りっく

ロマンスドールのりっくのレビュー・感想・評価

ロマンスドール(2019年製作の映画)
4.0
美大卒のフリーターがあれよあれよと職につき、美人の彼女ができ、職人として世に大ヒット商品を送り出す。ラブドールというニッチな業界を知れるという意味でまず面白さが担保されており、工場で働く面々との悲喜こもごもの人間模様がコミカルかつ軽快に描かれていく。

だが、本作は妻に職業を偽り、浮気を隠しているように、コメディの皮を被ってはいるものの、中盤からもうひとつのジャンルが顔を覗かせる。そこからタナダユキは性と愛、生と死、さらには夫婦であることの意義を繊細に描いてみせる。

けれども、本作は必要以上にシリアスだったり湿っぽくなるのを回避する。

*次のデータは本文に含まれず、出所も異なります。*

definition is_sup :: "('a \<Rightarrow> 'a \<Rightarrow> bool) \<Rightarrow> 'a set \<Rightarrow> 'a set \<Rightarrow> 'a \<Rightarrow> bool" where
  "is_sup le P D u \<longleftrightarrow> u \<in> P \<and> is_upper le D u \<and>
     (\<forall>v\<in>P. is_upper le D v \<longrightarrow> le u v)"

definition has_sup :: "('a \<Rightarrow> 'a \<Rightarrow> bool) \<Rightarrow> 'a set \<Rightarrow> 'a set \<Rightarrow> bool" where
  "has_sup le P D \<longleftrightarrow> (\<exists>u. is_sup le P D u)"

definition directed :: "('a \<Rightarrow> 'a \<Rightarrow> bool) \<Rightarrow> 'a set \<Rightarrow> bool" where
  "directed le D \<longleftrightarrow> D \<noteq> {} \<and> (\<forall>x\<in>D. \<forall>y\<in>D. \<exists>z\<in>D. le x z \<and> le y z)"

definition way_below :: "('a \<Rightarrow> 'a \<Rightarrow> bool) \<Rightarrow> 'a set \<Rightarrow> 'a \<Rightarrow> 'a \<Rightarrow> bool" where
  "way_below le P x y \<longleftrightarrow>
     (\<forall>D u. D \<subseteq> P \<and> directed le D \<and> is_sup le P D u \<and> le y u \<longrightarrow> (\<exists>d\<in>D. le x d))"

definition continuous_poset :: "('a \<Rightarrow> 'a \<Rightarrow> bool) \<Rightarrow> 'a set \<Rightarrow> bool" where
  "continuous_poset le P \<longleftrightarrow>
     (\<forall>s\<in>P. directed le {t\<in>P. way_below le P t s} \<and> is_sup le P {t\<in>P. way_below le P t s} s)"

definition mirror_semigroup :: "'a::semigroup_mult itself \<Rightarrow> bool" where
  "mirror_semigroup _ \<longleftrightarrow>
     (\<forall>D::'a set. D \<subseteq> idempotents \<and> directed intr_le D \<and> has_sup intr_le idempotents D
        \<longrightarrow> has_sup intr_le UNIV D)"

definition continuous_semigroup :: "'a::semigroup_mult itself \<Rightarrow> bool" where
  "continuous_semigroup _ \<longleftrightarrow> continuous_poset (intr_le :: 'a \<Rightarrow> 'a \<Rightarrow> bool) UNIV"
definition tau_trial :: "real \<Rightarrow> real \<Rightarrow> real \<Rightarrow> ereal" where
  "tau_trial sigma_c num D = (if D \<le> 0 then \<infinity> else ereal ((1 - sigma_c) * num / D))"

definition tau_update :: "real \<Rightarrow> real \<Rightarrow> ereal \<Rightarrow> real" where
  "tau_update eps_tau tau_prev trial =
     (if ereal tau_prev \<le> trial then tau_prev
      else min ((1 - eps_tau) * tau_prev) (real_of_ereal trial))"

definition is_subgrad :: "(real^'n \<Rightarrow> real) \<Rightarrow> real^'n \<Rightarrow> real^'n \<Rightarrow> bool" where
  "is_subgrad r x z \<longleftrightarrow> (\<forall>y. r y \<ge> r x + z \<bullet> (y - x))"

end

theory Submission
  imports Defs
begin

text \<open>
  It suffices that every trial value \<open>\<tau>\<^sub>k,trial\<close> is positive (possibly \<open>\<infinity>\<close>): the update
  rule then keeps \<open>\<tau>\<^sub>k\<close> positive and never increases it.  If \<open>J\<^sub>k\<^sup>T c\<^sub>k \<noteq> 0\<close>, the Cauchy step
  strictly decreases the linearised constraint violation, so the numerator of \<open>\<tau>\<^sub>k,trial\<close>
  is positive.  Otherwise \<open>v\<^sub>k = 0\<close>, and since \<open>u\<^sub>k\<close> minimises a
  \<open>1/\<alpha>\<^sub>k\<close>-strongly convex model over the null space of \<open>J\<^sub>k\<close>, comparing it with \<open>t u\<^sub>k\<close> and letting \<open>t \<rightarrow> 1\<close>
  gives \<open>g\<^sub>k\<^sup>T u\<^sub>k + r(x\<^sub>k + u\<^sub>k) - r\<^sub>k \<le> -\<parallel>u\<^sub>k\<parallel>\<^sup>2/\<alpha>\<^sub>k\<close>, whence \<open>D\<^sub>k \<le> 0\<close> because \<open>\<sigma>\<^sub>u \<le> 1/2\<close>.
\<close>

lemma prox_minimizer_descent:
  fixes G u x :: "'a::real_inner" and r :: "'a \<Rightarrow> real"
  assumes alpha: "alpha > 0" and r_convex: "convex_on UNIV r"
    and S: "subspace S" "u \<in> S"
    and minimizer: "\<And>w. w \<in> S \<Longrightarrow>
      G \<bullet> u + (1 / (2 * alpha)) * (norm u)\<^sup>2 + r (x + u)
      \<le> G \<bullet> w + (1 / (2 * alpha)) * (norm w)\<^sup>2 + r (x + w)"
  shows "G \<bullet> u + r (x + u) - r x \<le> - (norm u)\<^sup>2 / alpha"
proof -
  define A where "A = G \<bullet> u + r (x + u) - r x"
  define B where "B = (norm u)\<^sup>2 / (2 * alpha)"
  have bound: "A \<le> - (1 + t) * B" if t: "0 \<le> t" "t < 1" for t
  proof -
    have "r (x + t *\<^sub>R u) \<le> (1 - t) * r x + t * r (x + u)"
      using convex_onD[OF r_convex, of t x "x + u"] t by (simp add: algebra_simps)
    moreover have "G \<bullet> u + (1 / (2 * alpha)) * (norm u)\<^sup>2 + r (x + u)
        \<le> G \<bullet> (t *\<^sub>R u) + (1 / (2 * alpha)) * (norm (t *\<^sub>R u))\<^sup>2 + r (x + t *\<^sub>R u)"
      by (intro minimizer subspace_scale S)
    ultimately have "A + B \<le> t * A + t\<^sup>2 * B"
      unfolding A_def B_def by (simp add: power_mult_distrib algebra_simps)
    then have "(1 - t) * A \<le> (1 - t) * (- (1 + t) * B)"
      by (simp add: algebra_simps power2_eq_square)
    then show ?thesis using t by simp
  qed
  have "((\<lambda>t. - (1 + t) * B) \<longlongrightarrow> - (1 + 1) * B) (at_left 1)"
    by (intro tendsto_intros)
  moreover have "eventually (\<lambda>t. A \<le> - (1 + t) * B) (at_left (1::real))"
    unfolding eventually_at_left_field by (intro exI[of _ 0] conjI allI impI bound) auto
  ultimately have "A \<le> - (1 + 1) * B"
    by (rule tendsto_lowerbound) simp
  then show ?thesis using alpha by (simp add: A_def B_def)
qed
subsection \<open>The dual automaton\<close>

lemma init_dual_in_St: "init (dual B) \<in> St B"
  and fin_eq: "fin B = {s \<in> St B. \<not> le B s (init (dual B))}"
proof -
  obtain sf where sf: "sf \<in> St B" "fin B = {s \<in> St B. \<not> le B s sf}"
    using ex_fin_eq by blast
  have "init (dual B) = sf"
    unfolding dual_def jdfa.select_convs
    by (rule the_equality) (use sf le_refl le_antisym in auto)
  with sf show "init (dual B) \<in> St B" "fin B = {s \<in> St B. \<not> le B s (init (dual B))}"
    by simp_all
qed

lemma not_fin_iff_le: "s \<in> St B \<Longrightarrow> s \<notin> fin B \<longleftrightarrow> le B s (init (dual B))"
  using fin_eq by blast

lemma mem_lang_iff: "s \<in> St B \<Longrightarrow> w \<in> lang B s \<longleftrightarrow> \<not> le B (dword B w s) (init (dual B))"
  using fin_eq dword_in_St by (auto simp: lang_def)

lemma delta_dual_in_St: "t \<in> St B \<Longrightarrow> delta (dual B) a t \<in> St B"
  and le_delta_dual_iff:
    "\<lbrakk>t \<in> St B; x \<in> St B\<rbrakk> \<Longrightarrow> le B x (delta (dual B) a t) \<longleftrightarrow> le B (delta B a x) t"
proof -
  assume t: "t \<in> St B"
  define Y where "Y = {x \<in> St B. le B (delta B a x) t}"
  have Y: "finite Y" "Y \<subseteq> St B"
    using finite_St by (auto simp: Y_def)
  have m: "join B Y \<in> St B"
    using join_in_St[OF Y] .
  have dY: "finite (delta B a ` Y)" "delta B a ` Y \<subseteq> St B"
    using Y delta_in_St by auto
  have top: "le B (delta B a (join B Y)) t"
    unfolding delta_join[OF Y] join_le_iff[OF dY t] by (simp add: Y_def)
  have residual: "le B x (join B Y) \<longleftrightarrow> le B (delta B a x) t" if x: "x \<in> St B" for x
  proof
    assume "le B x (join B Y)"
    then show "le B (delta B a x) t"
      using le_trans[OF delta_in_St[OF x] delta_in_St[OF m] t] delta_mono[OF x m] top by blast
  next
    assume "le B (delta B a x) t"
    then show "le B x (join B Y)"
      using le_join[OF Y] x by (simp add: Y_def)
  qed
  have "delta (dual B) a t = join B Y"
    unfolding dual_def jdfa.select_convs
    by (rule the_equality) (use m top residual le_refl le_antisym in metis)+
  with m residual show "delta (dual B) a t \<in> St B"
    and "x \<in> St B \<Longrightarrow> le B x (delta (dual B) a t) \<longleftrightarrow> le B (delta B a x) t" for x
    by simp_all
qed

lemma dword_dual_in_St: "t \<in> St B \<Longrightarrow> dword (dual B) w t \<in> St B"
  by (induction w arbitrary: t) (auto simp: delta_dual_in_St)

lemma le_dword_dual_iff:
  "\<lbrakk>t \<in> St B; x \<in> St B\<rbrakk> \<Longrightarrow> le B x (dword (dual B) w t) \<longleftrightarrow> le B (dword B (rev w) x) t"
  by (induction w arbitrary: t) (auto simp: delta_dual_in_St le_delta_dual_iff dword_in_St)

lemma lang_dual: "t \<in> St B \<Longrightarrow> lang (dual B) t = {w. \<not> le B (dword B (rev w) (init B)) t}"
  using le_dword_dual_iff[OF _ init_in_St] dword_dual_in_St by (auto simp: lang_def)

lemma lang_dual_init: "lang (dual B) (init (dual B)) = {w. rev w \<in> lang B (init B)}"
  using lang_dual[OF init_dual_in_St] mem_lang_iff[OF init_in_St] by simp

lemma join_dual_in_St: "X \<subseteq> St B \<Longrightarrow> join (dual B) X \<in> St B"
  and le_join_dual_iff:
    "\<lbrakk>X \<subseteq> St B; z \<in> St B\<rbrakk> \<Longrightarrow> le B z (join (dual B) X) \<longleftrightarrow> (\<forall>y\<in>X. le B z y)"
proof -
  assume X: "X \<subseteq> St B"
  define L where "L = {z \<in> St B. \<forall>y\<in>X. le B z y}"
  have L: "finite L" "L \<subseteq> St B"
    using finite_St by (auto simp: L_def)
  have m: "join B L \<in> St B"
    using join_in_St[OF L] .
  have glb: "le B z (join B L) \<longleftrightarrow> (\<forall>y\<in>X. le B z y)" if "z \<in> St B" for z
    using that le_join[OF L] join_le_iff[OF L] le_trans[OF that m] X m by (auto simp: L_def)
  have "join (dual B) X = join B L"
    unfolding join_def[of "dual B"]
  proof (rule the_equality)
    show "is_lub (dual B) X (join B L)"
      using m glb le_refl by (auto simp: is_lub_def)
  next
    fix x
    assume "is_lub (dual B) X x"
    moreover have "\<forall>y\<in>X. le B (join B L) y"
      using glb[OF m] le_refl[OF m] by blast
    ultimately have "x \<in> St B" "le B x (join B L)" "le B (join B L) x"
      using m glb by (auto simp: is_lub_def)
    then show "x = join B L"
      using le_antisym m by blast
  qed
  with m glb show "join (dual B) X \<in> St B"
    and "z \<in> St B \<Longrightarrow> le B z (join (dual B) X) \<longleftrightarrow> (\<forall>y\<in>X. le B z y)" for z
    by simp_all
qed

lemma lang_dual_join:
  assumes X: "X \<subseteq> St B"
  shows "lang (dual B) (join (dual B) X) = \<Union> (lang (dual B) ` X)"
proof (rule set_eqI)
  fix w
  have "w \<in> lang (dual B) (join (dual B) X) \<longleftrightarrow> \<not> (\<forall>y\<in>X. le B (dword B (rev w) (init B)) y)"
    using lang_dual[OF join_dual_in_St[OF X]] le_join_dual_iff[OF X dword_in_St[OF init_in_St]]
    by simp
  also have "\<dots> \<longleftrightarrow> w \<in> \<Union> (lang (dual B) ` X)"
    using lang_dual X by auto
  finally show "w \<in> lang (dual B) (join (dual B) X) \<longleftrightarrow> w \<in> \<Union> (lang (dual B) ` X)" .
qed

text \<open>A state is the join of the reachable states below it, and these are read off its dual
  language.\<close>

lemma inj_on_lang_dual:
  assumes "reachable B"
  shows "inj_on (lang (dual B)) (St B)"
proof -
  have le_if: "le B s t"
    if s: "s \<in> St B" and t: "t \<in> St B" and lang_eq: "lang (dual B) s = lang (dual B) t" for s t
  proof -
    obtain X where X: "finite X" "X \<subseteq> {dword B u (init B) | u. True}" "s = join B X"
      using assms s by (auto simp: reachable_def)
    have XSt: "X \<subseteq> St B"
      using X(2) dword_in_St[OF init_in_St] by blast
    have "le B x t" if "x \<in> X" for x
    proof -
      obtain u where u: "x = dword B u (init B)"
        using X(2) \<open>x \<in> X\<close> by blast
      have "rev u \<notin> lang (dual B) s"
        using le_join[OF X(1) XSt that] lang_dual[OF s] X(3) u by simp
      then show ?thesis
        using lang_eq lang_dual[OF t] u by simp
    qed
    then show ?thesis
      using join_le_iff[OF X(1) XSt t] X(3) by simp
  qed
  show ?thesis
    by (rule inj_onI) (use le_if le_antisym in metis)
qed

subsection \<open>The transition semiring\<close>

lemma tsmap_apply: "s \<in> St B \<Longrightarrow> tsmap B W s = join B ((\<lambda>w. dword B w s) ` W)"
  and tsmap_outside: "s \<notin> St B \<Longrightarrow> tsmap B W s = undefined"
  by (simp_all add: tsmap_def)

lemma tsmap_in_St:
  assumes s: "s \<in> St B"
  shows "tsmap B W s \<in> St B"
proof -
  have "(\<lambda>w. dword B w s) ` W \<subseteq> St B"
    using s dword_in_St by blast
  then show ?thesis
    using join_in_St finite_subset[OF _ finite_St] s by (simp add: tsmap_apply)
qed

lemma tsmap_singleton: "tsmap B {u} = (\<lambda>s. if s \<in> St B then dword B u s else undefined)"
  by (auto simp: tsmap_def dword_in_St)

lemma St_ts: "St (ts B) = {tsmap B W | W. finite W}"
  and le_ts: "le (ts B) f g \<longleftrightarrow> (\<forall>s\<in>St B. le B (f s) (g s))"
  and init_ts: "init (ts B) = tsmap B {[]}"
  by (simp_all add: ts_def)

lemma tsmap_in_St_ts: "finite W \<Longrightarrow> tsmap B W \<in> St (ts B)"
  by (auto simp: St_ts)

lemma ts_state_in_PiE: "f \<in> St (ts B) \<Longrightarrow> f \<in> St B \<rightarrow>\<^sub>E St B"
  using tsmap_in_St tsmap_outside by (auto simp: St_ts)

lemma ts_state_in_St: "\<lbrakk>f \<in> St (ts B); s \<in> St B\<rbrakk> \<Longrightarrow> f s \<in> St B"
  and ts_state_outside: "\<lbrakk>f \<in> St (ts B); s \<notin> St B\<rbrakk> \<Longrightarrow> f s = undefined"
  using ts_state_in_PiE by (auto intro: PiE_mem PiE_arb)
(* Let $H$ be a numerical semigroup whose minimal generating set is an arithmetic sequence $a_1<a_2<\dots<a_n$ (i.e. $a_{i+1}-a_i=d$ for a fixed $d$ and all $i$). Then $I_H^*$ is minimally generated by its reduced Gröbner basis with respect to the degree reverse lexicographic order induced by $x_1>x_2>\dots>x_n$.
   Context: A numerical semigroup is a submonoid of $\mathbb{N}$ with finite complement. $K$ is a field, $S=K[x_1,\dots,x_n]$, $I_H=\ker(S\to K[t],\ x_i\mapsto t^{a_i})$. For $0\ne f\in S$, $f^*$ is its homogeneous component of least degree, and $I_H^*=(f^*:0\ne f\in I_H)$. *)

theory Defs
  imports "HOL-Library.Poly_Mapping" "HOL-Computational_Algebra.Polynomial"
begin

(* Multivariate polynomials over a field K: finitely supported maps from
exponent vectors (nat <Rightarrow><^sub>0 nat) to coefficients; the variable x_(i+1) of the
paper is index i. The ring S = K[x_1,...,x_n] is the set of polynomials whose
monomials only involve the indices 0..n-1. *)

type_synonym 'k mpoly = "(nat \<Rightarrow>\<^sub>0 nat) \<Rightarrow>\<^sub>0 'k"

definition in_S :: "nat \<Rightarrow> 'k::field mpoly \<Rightarrow> bool" where
  "in_S n p \<longleftrightarrow> (\<forall>\<alpha>\<in>Poly_Mapping.keys p. Poly_Mapping.keys \<alpha> \<subseteq> {..<n})"

definition tdeg :: "(nat \<Rightarrow>\<^sub>0 nat) \<Rightarrow> nat" where
  "tdeg \<alpha> = (\<Sum>i\<in>Poly_Mapping.keys \<alpha>. Poly_Mapping.lookup \<alpha> i)"

definition mdvd :: "(nat \<Rightarrow>\<^sub>0 nat) \<Rightarrow> (nat \<Rightarrow>\<^sub>0 nat) \<Rightarrow> bool" where
  "mdvd \<alpha> \<beta> \<longleftrightarrow> (\<forall>i. Poly_Mapping.lookup \<alpha> i \<le> Poly_Mapping.lookup \<beta> i)"

(* The K-algebra map S <rightarrow> K[t], x_i <mapsto> t^(a_i). *)
definition sg_eval :: "(nat \<Rightarrow> nat) \<Rightarrow> 'k::field mpoly \<Rightarrow> 'k poly" where
  "sg_eval a p = (\<Sum>\<alpha>\<in>Poly_Mapping.keys p.
      monom (Poly_Mapping.lookup p \<alpha>)
            (\<Sum>i\<in>Poly_Mapping.keys \<alpha>. Poly_Mapping.lookup \<alpha> i * a i))"

definition toric_ideal :: "nat \<Rightarrow> (nat \<Rightarrow> nat) \<Rightarrow> 'k::field mpoly set" where
  "toric_ideal n a = {p. in_S n p \<and> sg_eval a p = 0}"

definition ideal_gen :: "nat \<Rightarrow> 'k::field mpoly set \<Rightarrow> 'k mpoly set" where
  "ideal_gen n G = {p. \<exists>F h. finite F \<and> F \<subseteq> G \<and> (\<forall>g\<in>F. in_S n (h g)) \<and>
                          p = (\<Sum>g\<in>F. h g * g)}"

definition initial_form :: "'k::field mpoly \<Rightarrow> 'k mpoly" where
  "initial_form f =
     (let m = Min (tdeg ` Poly_Mapping.keys f)
      in (\<Sum>\<alpha>\<in>{\<alpha>\<in>Poly_Mapping.keys f. tdeg \<alpha> = m}.
            Poly_Mapping.single \<alpha> (Poly_Mapping.lookup f \<alpha>)))"

definition tangent_cone_ideal :: "nat \<Rightarrow> 'k::field mpoly set \<Rightarrow> 'k mpoly set" where
  "tangent_cone_ideal n I = ideal_gen n {initial_form f | f. f \<in> I \<and> f \<noteq> 0}"

(* Degree reverse lexicographic order with x_1 > x_2 > ... (index 0 > index 1 > ...):
  drl_less <beta> <alpha> means <beta> < <alpha>: either tdeg <beta> < tdeg <alpha>, or equal degree and at the
  largest index i where they differ, <alpha> has the smaller exponent. *)
definition drl_less :: "(nat \<Rightarrow>\<^sub>0 nat) \<Rightarrow> (nat \<Rightarrow>\<^sub>0 nat) \<Rightarrow> bool" where
  "drl_less \<beta> \<alpha> \<longleftrightarrow> tdeg \<beta> < tdeg \<alpha> \<or>
     (tdeg \<beta> = tdeg \<alpha> \<and> \<alpha> \<noteq> \<beta> \<and>
      (let i = Max {j. Poly_Mapping.lookup \<alpha> j \<noteq> Poly_Mapping.lookup \<beta> j}
       in Poly_Mapping.lookup \<alpha> i < Poly_Mapping.lookup \<beta> i))"

definition lm :: "'k::field mpoly \<Rightarrow> (nat \<Rightarrow>\<^sub>0 nat)" where
  "lm f = (THE \<alpha>. \<alpha> \<in> Poly_Mapping.keys f \<and>
             (\<forall>\<beta>\<in>Poly_Mapping.keys f. \<beta> \<noteq> \<alpha> \<longrightarrow> drl_less \<beta> \<alpha>))"

definition lc :: "'k::field mpoly \<Rightarrow> 'k" where
  "lc f = Poly_Mapping.lookup f (lm f)"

あくまでも下世話な俗っぽさから軸足を離さない舵取りがいい。俗から聖に手を伸ばしつつも、また俗に回帰する。

もはや呼び名も変わり存在自体も忘れ去られたダッチワイフが無残な姿で波打ち際に打ち上げられ、それを拾ってポツリと呟くしょうもない一言。ギョッとするような物語であるものの、まとめて笑い飛ばして前へ進もうとする後味のよさがいい。